lemma r_disjoint_orbit_pieces:
  assumes lip: "\<forall>g\<in>carrier G. \<forall>h\<in>carrier G. dM (\<phi> g x0) (\<phi> h x0) \<le> L * dG g h" "L > 0"
    and \<F>: "r_disjoint dM (L * c) \<F>"
    and \<E>: "r_disjoint dG c \<E>" "\<And>B. B \<in> \<E> \<Longrightarrow> B \<subseteq> carrier G"
    and "r < c"
  shows "r_disjoint dG r (orbit_pieces \<F> \<E>)"
proof -
  have "ereal c \<le> set_dist dG Q1 Q2"
    if Q: "Q1 \<in> orbit_pieces \<F> \<E>" "Q2 \<in> orbit_pieces \<F> \<E>" "Q1 \<noteq> Q2" for Q1 Q2
  proof -
    obtain A1 B1 A2 B2 where AB: "A1 \<in> \<F>" "B1 \<in> \<E>" "Q1 = (orbit_rep A1 <# B1) \<inter> orbit_preimage A1"
      "A2 \<in> \<F>" "B2 \<in> \<E>" "Q2 = (orbit_rep A2 <# B2) \<inter> orbit_preimage A2"
      using Q(1,2) unfolding orbit_pieces_def by blast
    show ?thesis
    proof (cases "A1 = A2")
      case True
      then have "B1 \<noteq> B2" using Q(3) AB by auto
      then have "ereal c < set_dist dG B1 B2" using \<E>(1) AB unfolding r_disjoint_def by blast
      also have "set_dist dG B1 B2 \<le> set_dist dG Q1 Q2"
      proof (rule set_dist_greatest)
        fix x y assume xy: "x \<in> Q1" "y \<in> Q2"
        obtain b1 where b1: "b1 \<in> B1" "x = orbit_rep A1 \<otimes> b1" "orbit_rep A1 \<in> carrier G"
          using xy(1) unfolding AB(3) by (rule mem_orbit_piece)
        obtain b2 where b2: "b2 \<in> B2" "y = orbit_rep A1 \<otimes> b2"
          using xy(2) unfolding AB(6) True[symmetric] by (rule mem_orbit_piece)
        have "b1 \<in> carrier G" "b2 \<in> carrier G" using b1(1) b2(1) AB \<E>(2) by auto
        then have "dG x y = dG b1 b2" using b1 b2 by (simp add: word_dist_mult_left)
        then show "set_dist dG B1 B2 \<le> ereal (dG x y)"
          using b1(1) b2(1) by (simp add: set_dist_le)
      qed
      finally show ?thesis by simp
    next
      case False
      show ?thesis
      proof (rule set_dist_greatest)
        fix x y assume "x \<in> Q1" "y \<in> Q2"
        then have x: "x \<in> carrier G" "\<phi> x x0 \<in> A1" and y: "y \<in> carrier G" "\<phi> y x0 \<in> A2"
          using AB by (auto simp: orbit_preimage_def)
        have "ereal (L * c) < set_dist dM A1 A2" using \<F> AB False unfolding r_disjoint_def by blast
        also have "\<dots> \<le> ereal (dM (\<phi> x x0) (\<phi> y x0))" using x(2) y(2) by (rule set_dist_le)
        finally have "L * c < dM (\<phi> x x0) (\<phi> y x0)" by simp
        also have "\<dots> \<le> L * dG x y" using lip(1) x(1) y(1) by blast
        finally have "L * c < L * dG x y" .
        then show "ereal c \<le> ereal (dG x y)" using lip(2) by simp
      qed
    qed
  qed
  moreover have "ereal r < ereal c" using \<open>r < c\<close> by simp
  ultimately show ?thesis unfolding r_disjoint_def by (blast intro: less_le_trans)
qed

##########

* WHAT THE TASK REQUIRES *
Write every line of the material out again exactly.

* ANSWER TO THE EXERCISE *
lemma r_disjoint_orbit_pieces:
  assumes lip: "\<forall>g\<in>carrier G. \<forall>h\<in>carrier G. dM (\<phi> g x0) (\<phi> h x0) \<le> L * dG g h" "L > 0"
    and \<F>: "r_disjoint dM (L * c) \<F>"
    and \<E>: "r_disjoint dG c \<E>" "\<And>B. B \<in> \<E> \<Longrightarrow> B \<subseteq> carrier G"
    and "r < c"
  shows "r_disjoint dG r (orbit_pieces \<F> \<E>)"
proof -
  have "ereal c \<le> set_dist dG Q1 Q2"
    if Q: "Q1 \<in> orbit_pieces \<F> \<E>" "Q2 \<in> orbit_pieces \<F> \<E>" "Q1 \<noteq> Q2" for Q1 Q2
  proof -
    obtain A1 B1 A2 B2 where AB: "A1 \<in> \<F>" "B1 \<in> \<E>" "Q1 = (orbit_rep A1 <# B1) \<inter> orbit_preimage A1"
      "A2 \<in> \<F>" "B2 \<in> \<E>" "Q2 = (orbit_rep A2 <# B2) \<inter> orbit_preimage A2"
      using Q(1,2) unfolding orbit_pieces_def by blast
    show ?thesis
    proof (cases "A1 = A2")
      case True
      then have "B1 \<noteq> B2" using Q(3) AB by auto
      then have "ereal c < set_dist dG B1 B2" using \<E>(1) AB unfolding r_disjoint_def by blast
      also have "set_dist dG B1 B2 \<le> set_dist dG Q1 Q2"
      proof (rule set_dist_greatest)
        fix x y assume xy: "x \<in> Q1" "y \<in> Q2"
        obtain b1 where b1: "b1 \<in> B1" "x = orbit_rep A1 \<otimes> b1" "orbit_rep A1 \<in> carrier G"
          using xy(1) unfolding AB(3) by (rule mem_orbit_piece)
        obtain b2 where b2: "b2 \<in> B2" "y = orbit_rep A1 \<otimes> b2"
          using xy(2) unfolding AB(6) True[symmetric] by (rule mem_orbit_piece)
        have "b1 \<in> carrier G" "b2 \<in> carrier G" using b1(1) b2(1) AB \<E>(2) by auto
        then have "dG x y = dG b1 b2" using b1 b2 by (simp add: word_dist_mult_left)
        then show "set_dist dG B1 B2 \<le> ereal (dG x y)"
          using b1(1) b2(1) by (simp add: set_dist_le)
      qed
      finally show ?thesis by simp
    next
      case False
      show ?thesis
      proof (rule set_dist_greatest)
        fix x y assume "x \<in> Q1" "y \<in> Q2"
        then have x: "x \<in> carrier G" "\<phi> x x0 \<in> A1" and y: "y \<in> carrier G" "\<phi> y x0 \<in> A2"
          using AB by (auto simp: orbit_preimage_def)
        have "ereal (L * c) < set_dist dM A1 A2" using \<F> AB False unfolding r_disjoint_def by blast
        also have "\<dots> \<le> ereal (dM (\<phi> x x0) (\<phi> y x0))" using x(2) y(2) by (rule set_dist_le)
        finally have "L * c < dM (\<phi> x x0) (\<phi> y x0)" by simp
        also have "\<dots> \<le> L * dG x y" using lip(1) x(1) y(1) by blast
        finally have "L * c < L * dG x y" .
        then show "ereal c \<le> ereal (dG x y)" using lip(2) by simp
      qed
    qed
  qed
  moreover have "ereal r < ereal c" using \<open>r < c\<close> by simp
  ultimately show ?thesis unfolding r_disjoint_def by (blast intro: less_le_trans)
qed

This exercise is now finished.